→ DATA EXCERPTS
lemma chain_dist_eq:
  fixes x :: "nat \<Rightarrow> 'a::metric_space"
  assumes step: "\<And>i. i < N \<Longrightarrow> dist (x i) (x (Suc i)) \<le> \<delta>" and ends: "dist (x 0) (x N) = N * \<delta>"
  shows "j \<le> N \<Longrightarrow> k \<le> N \<Longrightarrow> dist (x j) (x k) = \<delta> * \<bar>real j - real k\<bar>"
proof (induction j k rule: linorder_wlog)
  case (le j k)
  have "dist (x 0) (x N) \<le> dist (x 0) (x j) + dist (x j) (x k) + dist (x k) (x N)"
    using dist_triangle[of "x 0" "x N" "x j"] dist_triangle[of "x j" "x N" "x k"] by linarith
  moreover have "dist (x 0) (x j) \<le> \<delta> * real j" "dist (x k) (x N) \<le> \<delta> * (real N - real k)"
    "dist (x j) (x k) \<le> \<delta> * (real k - real j)"
    using chain_dist_le[of j x \<delta> 0] chain_dist_le[of N x \<delta> k] chain_dist_le[of k x \<delta> j] step le
    by simp_all
  ultimately show ?case using ends le(1) by (simp add: algebra_simps)
qed (simp add: dist_commute abs_minus_commute)

text \<open>The point of level n and index k stands for the parameter k/2^n of the segment from
  p to q; each odd index is a midpoint M of its two neighbours of the previous level.\<close>
fun dyadic_point :: "('a \<Rightarrow> 'a \<Rightarrow> 'a) \<Rightarrow> 'a \<Rightarrow> 'a \<Rightarrow> nat \<Rightarrow> nat \<Rightarrow> 'a" where
  "dyadic_point M p q 0 k = (if k = 0 then p else q)"
| "dyadic_point M p q (Suc n) k = (if even k then dyadic_point M p q n (k div 2)
     else M (dyadic_point M p q n (k div 2)) (dyadic_point M p q n (Suc (k div 2))))"

lemma dyadic_point_zero: "dyadic_point M p q n 0 = p"
  by (induction n) auto

lemma dyadic_point_top: "dyadic_point M p q n (2^n) = q"
  by (induction n) auto

context
  fixes X :: "'a::metric_space set" and M :: "'a \<Rightarrow> 'a \<Rightarrow> 'a" and p q :: 'a
  assumes midpoint: "\<And>x y. x \<in> X \<Longrightarrow> y \<in> X \<Longrightarrow>
      M x y \<in> X \<and> dist x (M x y) = dist x y / 2 \<and> dist (M x y) y = dist x y / 2"
    and p: "p \<in> X" and q: "q \<in> X"
begin

lemma dyadic_point_in: "dyadic_point M p q n k \<in> X"
  by (induction n arbitrary: k) (auto simp: p q midpoint)

lemma dyadic_point_step:
  "k < 2^n \<Longrightarrow> dist (dyadic_point M p q n k) (dyadic_point M p q n (Suc k)) = dist p q / 2^n"
proof (induction n arbitrary: k)
  case (Suc n)
  define a where "a = k div 2"
  have "a < 2^n" using Suc.prems by (simp add: a_def)
  then have "dist (dyadic_point M p q n a) (dyadic_point M p q n (Suc a)) = dist p q / 2^n"
    by (rule Suc.IH)
  moreover note midpoint[OF dyadic_point_in dyadic_point_in, of n a n "Suc a"]
  moreover have "k = 2 * a \<or> k = 2 * a + 1" by (auto simp: a_def)
  ultimately show ?case by auto
qed simp

lemma dyadic_point_dist:
  "j \<le> 2^n \<Longrightarrow> k \<le> 2^n \<Longrightarrow>
     dist (dyadic_point M p q n j) (dyadic_point M p q n k) = dist p q / 2^n * \<bar>real j - real k\<bar>"
  by (rule chain_dist_eq) (simp_all add: dyadic_point_step dyadic_point_zero dyadic_point_top)

lemma dyadic_point_refine: "dyadic_point M p q (n + i) (k * 2^i) = dyadic_point M p q n k"
  by (induction i) auto

lemma dyadic_point_dist_levels:
  assumes "j \<le> 2^n" "k \<le> 2^m"
  shows "dist (dyadic_point M p q n j) (dyadic_point M p q m k) =
    \<bar>dist p q * j / 2^n - dist p q * k / 2^m\<bar>"
proof -
  have "j * 2^m \<le> 2^(n+m)" "k * 2^n \<le> 2^(n+m)" using assms by (auto simp: power_add)
  moreover have "dyadic_point M p q n j = dyadic_point M p q (n+m) (j * 2^m)"
    "dyadic_point M p q m k = dyadic_point M p q (n+m) (k * 2^n)"
    using dyadic_point_refine[of n m j] dyadic_point_refine[of m n k] by (simp_all add: add.commute)
  ultimately have "dist (dyadic_point M p q n j) (dyadic_point M p q m k) =
      dist p q / 2^(n+m) * \<bar>real (j * 2^m) - real (k * 2^n)\<bar>"
    by (simp only: dyadic_point_dist)
  also have "\<dots> = \<bar>dist p q / 2^(n+m) * (real (j * 2^m) - real (k * 2^n))\<bar>"
    by (simp add: abs_mult)
  also have "dist p q / 2^(n+m) * (real (j * 2^m) - real (k * 2^n)) =
      dist p q * j / 2^n - dist p q * k / 2^m"
    by (simp add: power_add field_simps)
  finally show ?thesis .
qed

end

lemma floor_dyadic_bounds:
  fixes D t :: real
  assumes "D > 0" "0 \<le> t"
  shows "t - D / 2^n \<le> D * nat \<lfloor>t * 2^n / D\<rfloor> / 2^n" "D * nat \<lfloor>t * 2^n / D\<rfloor> / 2^n \<le> t"
proof -
  define x where "x = t * 2^n / D"
  have nat_floor: "real (nat \<lfloor>x\<rfloor>) = of_int \<lfloor>x\<rfloor>" using assms by (simp add: x_def)
  have t: "t = D * x / 2^n" using assms by (simp add: x_def)
  have "D * of_int \<lfloor>x\<rfloor> \<le> D * x" "D * x < D * (of_int \<lfloor>x\<rfloor> + 1)"
    using assms(1) by (intro mult_left_mono mult_strict_left_mono; linarith)+
  then have "(D * x - D) / 2^n \<le> D * of_int \<lfloor>x\<rfloor> / 2^n" "D * of_int \<lfloor>x\<rfloor> / 2^n \<le> D * x / 2^n"
    by (intro divide_right_mono; simp add: algebra_simps)+
  then show "t - D / 2^n \<le> D * nat \<lfloor>x\<rfloor> / 2^n" "D * nat \<lfloor>x\<rfloor> / 2^n \<le> t"
    by (simp_all only: nat_floor t diff_divide_distrib)
qed

lemma floor_dyadic_tendsto:
  fixes D t :: real
  assumes "D > 0" "0 \<le> t"
  shows "(\<lambda>n. D * nat \<lfloor>t * 2^n / D\<rfloor> / 2^n) \<longlonglongrightarrow> t"
proof (rule tendsto_sandwich[of "\<lambda>n. t - D / 2^n" _ _ "\<lambda>n. t"])
  have "(\<lambda>n. t - D * inverse (2^n)) \<longlonglongrightarrow> t - D * 0"
    by (intro tendsto_intros LIMSEQ_inverse_realpow_zero) simp
  then show "(\<lambda>n. t - D / 2^n) \<longlonglongrightarrow> t" by (simp add: divide_inverse)
qed (use floor_dyadic_bounds[OF assms] in auto)

lemma shortest_curve_limit:
  fixes X :: "'a::metric_space set" and \<sigma> :: "real \<Rightarrow> nat \<Rightarrow> 'a"
  assumes "compact X" "a \<le> b"
    and in_X: "\<And>t n. t \<in> {a..b} \<Longrightarrow> \<sigma> t n \<in> X"
    and dist: "\<And>s t n m. s \<in> {a..b} \<Longrightarrow> t \<in> {a..b} \<Longrightarrow> dist (\<sigma> s n) (\<sigma> t m) = \<bar>u s n - u t m\<bar>"
    and u: "\<And>t. t \<in> {a..b} \<Longrightarrow> u t \<longlonglongrightarrow> t"
  shows "\<exists>g. shortest_curve X g a b \<and> (\<forall>t\<in>{a..b}. \<sigma> t \<longlonglongrightarrow> g t)"
proof -
  have "\<exists>l\<in>X. \<sigma> t \<longlonglongrightarrow> l" if t: "t \<in> {a..b}" for t
  proof -
    have "Cauchy (u t)" using u[OF t] by (rule LIMSEQ_imp_Cauchy)
    then have "Cauchy (\<sigma> t)" unfolding Cauchy_def using dist[OF t t] by (simp add: dist_real_def)
    then show ?thesis using compact_imp_complete[OF \<open>compact X\<close>] in_X[OF t] by (meson completeE)
  qed
  then obtain g where g: "\<And>t. t \<in> {a..b} \<Longrightarrow> g t \<in> X \<and> \<sigma> t \<longlonglongrightarrow> g t" by metis
  have "dist (g s) (g t) = \<bar>s - t\<bar>" if "s \<in> {a..b}" "t \<in> {a..b}" for s t
  proof (rule LIMSEQ_unique)
    show "(\<lambda>n. dist (\<sigma> s n) (\<sigma> t n)) \<longlonglongrightarrow> dist (g s) (g t)"
      using g that by (intro tendsto_intros) auto
    show "(\<lambda>n. dist (\<sigma> s n) (\<sigma> t n)) \<longlonglongrightarrow> \<bar>s - t\<bar>"
      using dist u that by (auto intro!: tendsto_intros)
  qed
  then have "shortest_curve X g a b"
    using g \<open>a \<le> b\<close> by (auto simp: shortest_curve_def)
  then show ?thesis using g by blast
qed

→ YOUR ASSIGNMENT
Take the listing above from its first line through the line containing "k) = \<delta>", and transcribe that stretch exactly, with no other lines.

→ TASK RESPONSE
lemma chain_dist_eq:
  fixes x :: "nat \<Rightarrow> 'a::metric_space"
  assumes step: "\<And>i. i < N \<Longrightarrow> dist (x i) (x (Suc i)) \<le> \<delta>" and ends: "dist (x 0) (x N) = N * \<delta>"
  shows "j \<le> N \<Longrightarrow> k \<le> N \<Longrightarrow> dist (x j) (x k) = \<delta> * \<bar>real j - real k\<bar>"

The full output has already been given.